“The Dark of the Sea” stays true to its name and opens in darkness and near the sea. A 15-year-old boy stands as the lone being between the darkness and the waves. The reader is not quite sure what is happening as we are flung into the middle of the boy’s attempt to right some wrong. Before we can figure it out, though, we are thrust back into the past, where our story begins.
The brief prologue, especially when measured against the proper opening of the story a few pages later, seems to evoke an undercurrent of wish fulfilment. Danesh, our young hero, appears to be an unlikely hero. He is, after all, a mere high-school boy, struggling to make it through secondary school. But where better than a fantasy story to turn the unlikeliest of persons into heroic figures?

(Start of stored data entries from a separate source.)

(* Given an operator system $\mathcal V \subset B(H)$ and a projection $p \in \mathcal V$, with $q = I-p$, then $(M_2(\mathcal V) / J_{p\oplus q}, \{\widetilde{C}(p_n \oplus q_n)\}_n, (p\oplus q) + J_{p \oplus q})$ is an operator system.
   Context: For $n \in \mathbb N$ let $p_n = I_n \otimes p$, $q_n = I_n \otimes q$, and define $C(p_n \oplus q_n) = \{ x \in M_{2n}(\mathcal V) : x = x^*, \ (p_n \oplus q_n)x(p_n \oplus q_n) \in B(H^{2n})^+\}$, where $M_n(M_2(\mathcal V))$ is identified with $M_2(M_n(\mathcal V)) = M_{2n}(\mathcal V)$ via the canonical shuffle. Let $J_{p \oplus q} = \operatorname{span}\big(C(p\oplus q) \cap -C(p\oplus q)\big) \subseteq M_2(\mathcal V)$, and let $\widetilde{C}(p_n \oplus q_n) = \{ (x_{ij} + J_{p\oplus q}) \in M_n(M_2(\mathcal V)/J_{p\oplus q}) : (x_{ij}) \in C(p_n\oplus q_n)\}$. *)

theory Defs
  imports "HOL-Analysis.Analysis"
begin

class complex_inner_space = ab_group_add +
  fixes cscale :: "complex \<Rightarrow> 'a \<Rightarrow> 'a"
    and cinner :: "'a \<Rightarrow> 'a \<Rightarrow> complex"
  assumes cscale_add_right: "cscale a (x + y) = cscale a x + cscale a y"
    and cscale_add_left: "cscale (a + b) x = cscale a x + cscale b x"
    and cscale_cscale: "cscale a (cscale b x) = cscale (a * b) x"
    and cscale_one: "cscale 1 x = x"
    and cinner_add_left: "cinner (x + y) z = cinner x z + cinner y z"
    and cinner_cscale_left: "cinner (cscale a x) y = a * cinner x y"
    and cinner_commute: "cinner y x = cnj (cinner x y)"
    and cinner_self_nonneg: "Im (cinner x x) = 0 \<and> Re (cinner x x) \<ge> 0"
    and cinner_self_eq_zero: "cinner x x = 0 \<Longrightarrow> x = 0"

definition cnorm :: "'a::complex_inner_space \<Rightarrow> real" where
  "cnorm x = sqrt (Re (cinner x x))"

class chilbert = complex_inner_space +
  assumes chilbert_complete:
    "(\<forall>e>0. \<exists>N::nat. \<forall>m\<ge>N. \<forall>n\<ge>N. sqrt (Re (cinner (X m - X n) (X m - X n))) < e) \<Longrightarrow>
       (\<exists>L. \<forall>e>0. \<exists>N::nat. \<forall>n\<ge>N. sqrt (Re (cinner (X n - L) (X n - L))) < e)"

type_synonym 'h op = "'h \<Rightarrow> 'h"

definition bop :: "('h::chilbert) op set" where
  "bop = {T. (\<forall>x y. T (x + y) = T x + T y) \<and> (\<forall>c x. T (cscale c x) = cscale c (T x))
            \<and> (\<exists>K. \<forall>x. cnorm (T x) \<le> K * cnorm x)}"

definition adj :: "('h::chilbert) op \<Rightarrow> 'h op" where
  "adj T = (THE S. \<forall>x y. cinner (T x) y = cinner x (S y))"

definition zop :: "('h::chilbert) op" where "zop = (\<lambda>_. 0)"
definition opadd :: "('h::chilbert) op \<Rightarrow> 'h op \<Rightarrow> 'h op" where "opadd S T = (\<lambda>x. S x + T x)"
definition opscale :: "complex \<Rightarrow> ('h::chilbert) op \<Rightarrow> 'h op" where "opscale c T = (\<lambda>x. cscale c (T x))"

definition concrete_opsys :: "('h::chilbert) op set \<Rightarrow> bool" where
  "concrete_opsys V \<longleftrightarrow> V \<subseteq> bop \<and> id \<in> V \<and> (\<forall>S\<in>V. \<forall>T\<in>V. opadd S T \<in> V)
     \<and> (\<forall>c. \<forall>T\<in>V. opscale c T \<in> V) \<and> (\<forall>T\<in>V. adj T \<in> V)"

definition is_projection :: "('h::chilbert) op \<Rightarrow> bool" where
  "is_projection p \<longleftrightarrow> adj p = p \<and> p \<circ> p = p"

section \<open>Matrices of operators (indices below n; zero outside)\<close>

type_synonym 'h opmat = "nat \<Rightarrow> nat \<Rightarrow> 'h op"

definition opmats :: "nat \<Rightarrow> ('h::chilbert) op set \<Rightarrow> 'h opmat set" where
  "opmats n V = {X. \<forall>i j. (i < n \<and> j < n \<longrightarrow> X i j \<in> V) \<and> (\<not> (i < n \<and> j < n) \<longrightarrow> X i j = zop)}"

definition opmat_star :: "nat \<Rightarrow> ('h::chilbert) opmat \<Rightarrow> 'h opmat" where
  "opmat_star n X = (\<lambda>i j. if i < n \<and> j < n then adj (X j i) else zop)"

definition opmat_mult :: "nat \<Rightarrow> ('h::chilbert) opmat \<Rightarrow> 'h opmat \<Rightarrow> 'h opmat" where
  "opmat_mult n A B = (\<lambda>i k. if i < n \<and> k < n then (\<lambda>x. \<Sum>j<n. A i j (B j k x)) else zop)"

definition opmat_add :: "nat \<Rightarrow> ('h::chilbert) opmat \<Rightarrow> 'h opmat \<Rightarrow> 'h opmat" where
  "opmat_add n A B = (\<lambda>i j. if i < n \<and> j < n then opadd (A i j) (B i j) else zop)"

definition opmat_scale :: "nat \<Rightarrow> complex \<Rightarrow> ('h::chilbert) opmat \<Rightarrow> 'h opmat" where
  "opmat_scale n c A = (\<lambda>i j. if i < n \<and> j < n then opscale c (A i j) else zop)"

text \<open>Positivity in B(H^N): the operator X on H^N satisfies \<langle>X\<xi>,\<xi>\<rangle> \<ge> 0 for all \<xi>.\<close>
definition opmat_pos :: "nat \<Rightarrow> ('h::chilbert) opmat \<Rightarrow> bool" where
  "opmat_pos N X \<longleftrightarrow> (\<forall>\<xi>::nat \<Rightarrow> 'h.
     let s = (\<Sum>i<N. cinner (\<Sum>j<N. X i j (\<xi> j)) (\<xi> i)) in Im s = 0 \<and> Re s \<ge> 0)"

text \<open>p_n \<oplus> q_n \<in> M_2(M_n(V)) = M_{2n}(V): diagonal with p in the first n, q = I - p in the last n slots.\<close>
definition pq_diag :: "nat \<Rightarrow> ('h::chilbert) op \<Rightarrow> 'h opmat" where
  "pq_diag n p = (\<lambda>i j. if i < 2*n \<and> j < 2*n \<and> i = j
       then (if i < n then p else (\<lambda>x. x - p x)) else zop)"

definition Ccone :: "('h::chilbert) op set \<Rightarrow> 'h op \<Rightarrow> nat \<Rightarrow> 'h opmat set" where
  "Ccone V p n = {x \<in> opmats (2*n) V. x = opmat_star (2*n) x \<and>
      opmat_pos (2*n) (opmat_mult (2*n) (pq_diag n p) (opmat_mult (2*n) x (pq_diag n p)))}"

inductive_set opmat_span :: "('h::chilbert) opmat set \<Rightarrow> 'h opmat set" for S where
  span_zero: "(\<lambda>i j. zop) \<in> opmat_span S"
| span_base: "x \<in> S \<Longrightarrow> x \<in> opmat_span S"
| span_add: "x \<in> opmat_span S \<Longrightarrow> y \<in> opmat_span S \<Longrightarrow> opmat_add 2 x y \<in> opmat_span S"
| span_scale: "x \<in> opmat_span S \<Longrightarrow> opmat_scale 2 c x \<in> opmat_span S"

definition Jpq :: "('h::chilbert) op set \<Rightarrow> 'h op \<Rightarrow> 'h opmat set" where
  "Jpq V p = opmat_span (Ccone V p 1 \<inter> {x. opmat_scale 2 (-1) x \<in> Ccone V p 1})"

text \<open>Canonical shuffle M_n(M_2(V)) \<rightarrow> M_2(M_n(V)) = M_{2n}(V):
  entry (i,j) of block (a,b) sits at position (a*n+i, b*n+j).\<close>
definition shuffle :: "nat \<Rightarrow> (nat \<Rightarrow> nat \<Rightarrow> ('h::chilbert) opmat) \<Rightarrow> 'h opmat" where
  "shuffle n y = (\<lambda>r s. if r < 2*n \<and> s < 2*n then y (r mod n) (s mod n) (r div n) (s div n) else zop)"

section \<open>Abstract operator systems (Choi--Effros)\<close>

record 'w osys =
  carrier :: "'w set"
  zero :: 'w
  add :: "'w \<Rightarrow> 'w \<Rightarrow> 'w"
  scale :: "complex \<Rightarrow> 'w \<Rightarrow> 'w"
  star :: "'w \<Rightarrow> 'w"
  cone :: "nat \<Rightarrow> (nat \<Rightarrow> nat \<Rightarrow> 'w) set"
  unit :: 'w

It’s clear from his prose that Guyanese writer Imam Baksh approaches the fantasy genre with great love and knowledge for the lineage of writers that have come before him. His new young-adult book fantasy, which was awarded the Burt Award for Caribbean Young Adult Literature in 2018, blends the well-worn tropes of the genre, with a specific and deliberate Guyanese awareness, localising the fantasy worlds of literature in ways that are immediately noticeable.
Early in the novel, Danesh gazes out at Georgetown. He and his best friend, Amit, are trying to see the fireworks for the Independence Day celebrations in Essequibo, where the novel is set. Baksh’s concern and empathy for the lives of these rural people, existing on the edges of the mainstream, is a major thematic thread in “The Darkness of the Sea”. It’s there in the suffocation Danesh and his colleagues feel in school, in Amit’s decision to drop out at 15 to find a job, and in the hazy listlessness that seems to envelope the lives of those waiting for a way out. Enter trouble from underwater.

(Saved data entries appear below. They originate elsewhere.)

lemma nonincreasing_ranking_minimizes_sum:
  fixes p :: "'b \<Rightarrow> real" and f :: "nat \<Rightarrow> real"
  assumes rank: "nonincreasing_ranking p S r" and "finite S"
    and "\<And>x. x \<in> S \<Longrightarrow> 0 \<le> p x"
    and "inj_on g S" and "\<And>x. x \<in> S \<Longrightarrow> 1 \<le> g x" and "mono f"
  shows "(\<Sum>x\<in>S. p x * f (r x)) \<le> (\<Sum>x\<in>S. p x * f (g x))"
proof -
  define K where "K = max (card S) (Max (g ` S))"
  have r_le: "r x \<le> K" if "x \<in> S" for x
  proof -
    have "r x \<in> {1..card S}"
      using rank that by (auto simp: nonincreasing_ranking_def bij_betw_def)
    then show ?thesis by (simp add: K_def le_max_iff_disj)
  qed
  have g_le: "g x \<le> K" if "x \<in> S" for x
    using \<open>finite S\<close> that by (auto simp: K_def max.coboundedI2)
  have "(\<Sum>x\<in>S. p x * f (r x))
      = f K * sum p S - (\<Sum>j<K. (f (Suc j) - f j) * (\<Sum>x\<in>{x\<in>S. r x \<le> j}. p x))"
    using \<open>finite S\<close> r_le by (rule sum_mult_eq_head_sums)
  also have "\<dots> \<le> f K * sum p S - (\<Sum>j<K. (f (Suc j) - f j) * (\<Sum>x\<in>{x\<in>S. g x \<le> j}. p x))"
    using \<open>mono f\<close> assms
    by (intro diff_left_mono sum_mono mult_left_mono head_sum_le_ranked_head_sum)
      (auto simp: monoD)
  also have "\<dots> = (\<Sum>x\<in>S. p x * f (g x))"
    using \<open>finite S\<close> g_le by (rule sum_mult_eq_head_sums[symmetric])
  finally show ?thesis .
qed

definition guessed_at :: "(nat \<Rightarrow> 'a \<times> nat) \<Rightarrow> ('a \<Rightarrow> nat \<Rightarrow> 'x) \<Rightarrow> 'x \<Rightarrow> nat \<Rightarrow> bool" where
  "guessed_at \<pi> g x i \<longleftrightarrow> 1 \<le> i \<and> g (fst (\<pi> i)) (snd (\<pi> i)) = x"

lemma guesswork_pow_altdef:
  "guesswork_pow \<rho> x \<pi> g =
     (if \<exists>i. guessed_at \<pi> g x i then ennreal (real (LEAST i. guessed_at \<pi> g x i) powr \<rho>) else \<infinity>)"
  by (simp add: guesswork_pow_def guessed_at_def)

lemma inj_on_first_guess:
  "inj_on (\<lambda>x. LEAST i. guessed_at \<pi> g x i) {x. \<exists>i. guessed_at \<pi> g x i}"
proof (rule inj_onI)
  fix x y
  assume "x \<in> {x. \<exists>i. guessed_at \<pi> g x i}" "y \<in> {x. \<exists>i. guessed_at \<pi> g x i}"
    and same: "(LEAST i. guessed_at \<pi> g x i) = (LEAST i. guessed_at \<pi> g y i)"
  then have "guessed_at \<pi> g x (LEAST i. guessed_at \<pi> g x i)"
    and "guessed_at \<pi> g y (LEAST i. guessed_at \<pi> g y i)"
    by (blast intro: LeastI_ex)+
  with same show "x = y"
    by (simp add: guessed_at_def)
qed

lemma guesswork_pow_ge_injective_positions:
  fixes S :: "'x list set"
  assumes "finite S"
  obtains h :: "'x list \<Rightarrow> nat"
  where "inj_on h S" and "\<And>x. x \<in> S \<Longrightarrow> 1 \<le> h x"
    and "\<And>x. x \<in> S \<Longrightarrow> ennreal (real (h x) powr \<rho>) \<le> guesswork_pow \<rho> x \<pi> g"
proof -
  define F where "F = {x\<in>S. \<exists>i. guessed_at \<pi> g x i}"
  define L where "L x = (LEAST i. guessed_at \<pi> g x i)" for x
  obtain e :: "'x list \<Rightarrow> nat" where "inj_on e S"
    using finite_imp_inj_to_nat_seg[OF \<open>finite S\<close>] by blast
  define h where "h x = (if x \<in> F then L x else Max (L ` F) + Suc (e x))" for x
  have L_guessed: "guessed_at \<pi> g x (L x)" if "x \<in> F" for x
    using that unfolding F_def L_def by (auto intro: LeastI_ex)
  have "finite F"
    using \<open>finite S\<close> by (simp add: F_def)
  have "inj_on h (F \<union> (S - F))"
    unfolding h_def
  proof (rule inj_on_disjoint_Un)
    show "inj_on L F"
      unfolding L_def using inj_on_first_guess by (rule inj_on_subset) (auto simp: F_def)
    show "inj_on (\<lambda>x. Max (L ` F) + Suc (e x)) (S - F)"
      using \<open>inj_on e S\<close> by (auto simp: inj_on_def)
    have "L x < Max (L ` F) + Suc k" if "x \<in> F" for x k
      using \<open>finite F\<close> that by (simp add: le_imp_less_Suc trans_le_add1)
    then show "L ` F \<inter> (\<lambda>x. Max (L ` F) + Suc (e x)) ` (S - F) = {}"
      by force
  qed
  moreover have "F \<union> (S - F) = S"
    by (auto simp: F_def)
  moreover have "1 \<le> h x" if "x \<in> S" for x
    using L_guessed by (auto simp: h_def guessed_at_def)
  moreover have "ennreal (real (h x) powr \<rho>) \<le> guesswork_pow \<rho> x \<pi> g" if "x \<in> S" for x
    using that by (auto simp: guesswork_pow_altdef h_def F_def L_def)
  ultimately show thesis
    using that by simp
qed

lemma ranked_sum_le_guesswork_sum:
  fixes S :: "'x list set" and p :: "'x list \<Rightarrow> real"
  assumes rank: "nonincreasing_ranking p S r" and "finite S"
    and nonneg: "\<And>x. x \<in> S \<Longrightarrow> 0 \<le> p x" and "0 \<le> \<rho>"
  shows "ennreal (\<Sum>x\<in>S. p x * real (r x) powr \<rho>)
       \<le> (\<Sum>x\<in>S. ennreal (p x) * guesswork_pow \<rho> x \<pi> g)"
proof -
  obtain h where "inj_on h S" "\<And>x. x \<in> S \<Longrightarrow> 1 \<le> h x"
    and h_le: "\<And>x. x \<in> S \<Longrightarrow> ennreal (real (h x) powr \<rho>) \<le> guesswork_pow \<rho> x \<pi> g"
    using guesswork_pow_ge_injective_positions[OF \<open>finite S\<close>] by blast
  have "mono (\<lambda>k::nat. real k powr \<rho>)"
    using \<open>0 \<le> \<rho>\<close> by (auto intro!: monoI powr_mono2)
  then have "(\<Sum>x\<in>S. p x * real (r x) powr \<rho>) \<le> (\<Sum>x\<in>S. p x * real (h x) powr \<rho>)"
    using nonincreasing_ranking_minimizes_sum[OF rank \<open>finite S\<close> nonneg \<open>inj_on h S\<close>]
      \<open>\<And>x. x \<in> S \<Longrightarrow> 1 \<le> h x\<close>
    by blast
  then have "ennreal (\<Sum>x\<in>S. p x * real (r x) powr \<rho>)
      \<le> ennreal (\<Sum>x\<in>S. p x * real (h x) powr \<rho>)"
    by (rule ennreal_leI)
  also have "\<dots> = (\<Sum>x\<in>S. ennreal (p x) * ennreal (real (h x) powr \<rho>))"
    using nonneg by (subst sum_ennreal[symmetric]) (auto simp: ennreal_mult intro!: sum.cong)
  also have "\<dots> \<le> (\<Sum>x\<in>S. ennreal (p x) * guesswork_pow \<rho> x \<pi> g)"
    by (intro sum_mono mult_left_mono h_le) auto
  finally show ?thesis .
qed

lemma orderings_nonempty:
  assumes "A \<noteq> {}" and "countable A"
  shows "orderings A \<noteq> {}"
proof -
  have "infinite (A \<times> {1::nat..})"
    using \<open>A \<noteq> {}\<close> finite_cartesian_productD2 infinite_Ici by blast
  then have "bij_betw (from_nat_into (A \<times> {1::nat..})) UNIV (A \<times> {1..})"
    using \<open>countable A\<close> by (intro bij_betw_from_nat_into) auto
  moreover have "bij_betw (to_nat_on {1::nat..}) {1..} UNIV"
    by (intro to_nat_on_infinite countableI_type infinite_Ici)
  ultimately have "from_nat_into (A \<times> {1..}) \<circ> to_nat_on {1..} \<in> orderings A"
    unfolding orderings_def by (blast intro: bij_betw_trans)
  then show ?thesis by blast
qed

lemma finite_seqs: "finite (seqs n :: 'x::finite list set)"
proof -
  have "seqs n = {xs. set xs \<subseteq> (UNIV :: 'x set) \<and> length xs = n}"
    by (simp add: seqs_def)
  then show ?thesis
    using finite_lists_length_eq[of "UNIV :: 'x set" n] by simp
qed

Baksh holds the novel’s supernatural inclinations close to his chest until the Danesh’s first encounter with a farmaid, a sea-creature, 30 pages into the near 200-page novel. But, the occurrence, like many of the developments in “The Dark of the Sea,” centre on things hiding in plain sight, ignored rather than invisible. Danesh, for example, is marked as illiterate at school, struggling with teachers who seem unwilling to grapple with what is dyslexia more than ignorance. Later in the book, when two big twists arrive, they resonate not because of their surprise but more because of the way Baksh has been laying the groundwork for these imminent developments throughout. The moral of the story could very well be, “Don’t ignore what’s right in front of you.”

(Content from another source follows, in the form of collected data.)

lemma chen_defect_onb_invariant:
  fixes T :: "'a::real_inner \<Rightarrow> 'a \<Rightarrow> 'b::real_inner"
  assumes e: "onb V r e" and W: "onb V r W" and r: "2 \<le> r"
    and plane: "span {W 1, W 2} = span {e 1, e 2}" and bl: "bilinear T"
    and sym: "\<And>x y. x \<in> V \<Longrightarrow> y \<in> V \<Longrightarrow> T x y = T y x"
  shows "chen_defect (\<lambda>i j. T (W i) (W j)) r = chen_defect (\<lambda>i j. T (e i) (e j)) r"
proof -
  have in_r: "1 \<in> {1..r}" "2 \<in> {1..r}"
    using r by auto
  have "W 1 \<in> span {e 1, e 2}" "W 2 \<in> span {e 1, e 2}"
    unfolding plane[symmetric] by (simp_all add: span_base)
  then have "inner (T (W 1) (W 1)) (T (W 2) (W 2)) - (norm (T (W 1) (W 2)))\<^sup>2
      = inner (T (e 1) (e 1)) (T (e 2) (e 2)) - (norm (T (e 1) (e 2)))\<^sup>2"
    using in_r onb_inner[OF e] onb_inner[OF W] sym[OF onb_in[OF e] onb_in[OF e]]
    by (intro bilinear_plane_term_invariant[OF bl]) auto
  then show ?thesis
    unfolding chen_defect_def bilinear_trace_onb_invariant[OF bl e W]
      bilinear_sum_norm_sq_onb_invariant[OF bl e W]
    by simp
qed

section \<open>Condition (E)\<close>

lemma chen_extremal_if_coordinates:
  fixes B :: "nat \<Rightarrow> nat \<Rightarrow> 'a::real_inner"
  assumes h: "onb W s h" and B_in: "\<And>i j. i \<in> {1..r} \<Longrightarrow> j \<in> {1..r} \<Longrightarrow> B i j \<in> W"
    and C1: "\<forall>l\<in>{1..s}. \<forall>j\<in>{3..r}. inner (B 1 j) (h l) = 0 \<and> inner (B 2 j) (h l) = 0"
    and C2: "1 \<le> s \<longrightarrow> (\<forall>i\<in>{3..r}. \<forall>j\<in>{3..r}. i \<noteq> j \<longrightarrow> inner (B i j) (h 1) = 0)"
    and C3: "\<forall>l\<in>{2..s}. \<forall>i\<in>{3..r}. \<forall>j\<in>{3..r}. inner (B i j) (h l) = 0"
    and C4: "\<forall>l\<in>{2..s}. inner (B 1 1) (h l) + inner (B 2 2) (h l) = 0"
    and C5: "1 \<le> s \<longrightarrow> (\<forall>i\<in>{3..r}. inner (B 1 1) (h 1) + inner (B 2 2) (h 1) = inner (B i i) (h 1))"
  shows "chen_extremal B r"
  unfolding chen_extremal_def
proof (intro conjI ballI impI)
  have l_cases: "l = 1 \<or> l \<in> {2..s}" if "l \<in> {1..s}" for l
    using that by auto
  fix i j assume ij: "i \<in> {3..r}" "j \<in> {3..r}"
  show "B 1 j = 0" "B 2 j = 0"
    using C1 ij B_in by (auto intro!: onb_eq_0[OF h])
  show "B i j = 0" if "i \<noteq> j"
  proof (rule onb_eq_0[OF h])
    show "B i j \<in> W"
      using ij B_in by auto
    show "inner (B i j) (h l) = 0" if "l \<in> {1..s}" for l
      using l_cases[OF that] C2 C3 ij \<open>i \<noteq> j\<close> that by auto
  qed
  have "B i i - (B 1 1 + B 2 2) \<in> W"
    using ij B_in onb_subspace[OF h] by (auto intro!: subspace_diff subspace_add)
  moreover have "inner (B i i - (B 1 1 + B 2 2)) (h l) = 0" if "l \<in> {1..s}" for l
    using l_cases[OF that] C3 C4 C5 ij that by (auto simp: inner_diff_left inner_add_left)
  ultimately have "B i i - (B 1 1 + B 2 2) = 0"
    by (rule onb_eq_0[OF h])
  then show "B i i = B 1 1 + B 2 2"
    by simp
qed

lemma chen_extremal_if_condE:
  assumes Tvert: "\<And>U W. U \<in> V \<Longrightarrow> W \<in> V \<Longrightarrow> T U W \<in> orth_comp V"
    and "condE V T Hm r s e"
  obtains W where "onb V r W" "span {W 1, W 2} = span {e 1, e 2}"
    "chen_extremal (\<lambda>i j. T (W i) (W j)) r"
proof -
  have T_in: "T (W i) (W j) \<in> orth_comp V" if "onb V r W" "i \<in> {1..r}" "j \<in> {1..r}" for W i j
    using Tvert onb_in that by blast
  show thesis
    using \<open>condE V T Hm r s e\<close> that T_in unfolding condE_def Let_def
    by (blast intro: chen_extremal_if_coordinates)
qed

lemma meanH_chen_extremal:
  assumes r: "2 \<le> r" and ext: "chen_extremal (\<lambda>i j. T (e i) (e j)) r"
  shows "meanH T r e = ((real r - 1) / real r) *\<^sub>R (T (e 1) (e 1) + T (e 2) (e 2))"
proof -
  define c where "c = T (e 1) (e 1) + T (e 2) (e 2)"
  have "(\<Sum>i\<in>{1..r}. T (e i) (e i)) = c + (\<Sum>i\<in>{3..r}. c)"
    using sum_atLeastAtMost_split_first_two[OF r, of "\<lambda>i. T (e i) (e i)"] ext
    by (simp add: c_def chen_extremal_def)
  also have "\<dots> = (1 + real (card {3..r})) *\<^sub>R c"
    by (simp add: sum_constant_scaleR scaleR_left_distrib)
  also have "1 + real (card {3..r}) = real r - 1"
    using r by (simp add: of_nat_diff)
  finally show ?thesis
    by (simp add: meanH_def c_def)
qed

It’s why the vague strains of wish-fulfilment in Danesh’s chosen-one lineage feel apt in the novel. The novel moves between the underwater world he discovers and the above-the-ground crisis that threatens to upend his life. The two worlds will meet near the end, but for the most part the novel is split in two between them. The fact that the underwater dreamscape often feels less impactful than you would expect for a fantasy novel, though, makes sense as the story develops. It’s not so much that Baksh’s world-building underwater isn’t in earnest, but more that the above-ground dilemmas–a school friend’s flirtation with a young teacher, Amit’s pining for a girl who will soon be betrothed to a foreigner, and his rapscallion like aji who seems too disreputable for his own good–resound with a note of empathy that makes these moments immediately familiar to Guyanese readers. Baksh is thoughtful in his deployment of the familiar themes of the region–the teenage suicide rate, the restless hopelessness of the less academically inclined, even the country’s English/Creole divergence is given voice in a humorous conversation underwater.
And it is that keen sense of representation that runs throughout the text. Even when the advanced language of the prose sometimes seems to conflict with the simplicity of the dyslexic Danesh, the ideas in “The Dark of the Sea” feel familiar and earnest enough to keep the pages turning. The twist that comes thirty pages before the end is not great in the way of surprise but benefits from the way it’s woven into the fabric before. Baksh is generous with his narrative so that every incidental character and moment that surfaces in the early sections acquits itself as something of value by the end. It’s all back to that theme–pay attention to what’s in front of you because everything has some purpose. This idea pays off in numerous ways throughout the book.
When the novel ends with a brief melancholic epilogue to match the brevity of its prologue, it is perhaps exactly what you would expect from this kind of story. Despite the brief time covered, Baksh’s intentions of turning this adventure story into a coming of age tale of sorts are clear. And, in this way, when the adventures come to a close at the end, we realise it’s not really about the adventures of the sea, no matter what the title says. Instead, Baksh’s concern is more existentialist and humane. It’s a welcome recognition of those universal themes dressed up in Guyanese clothes.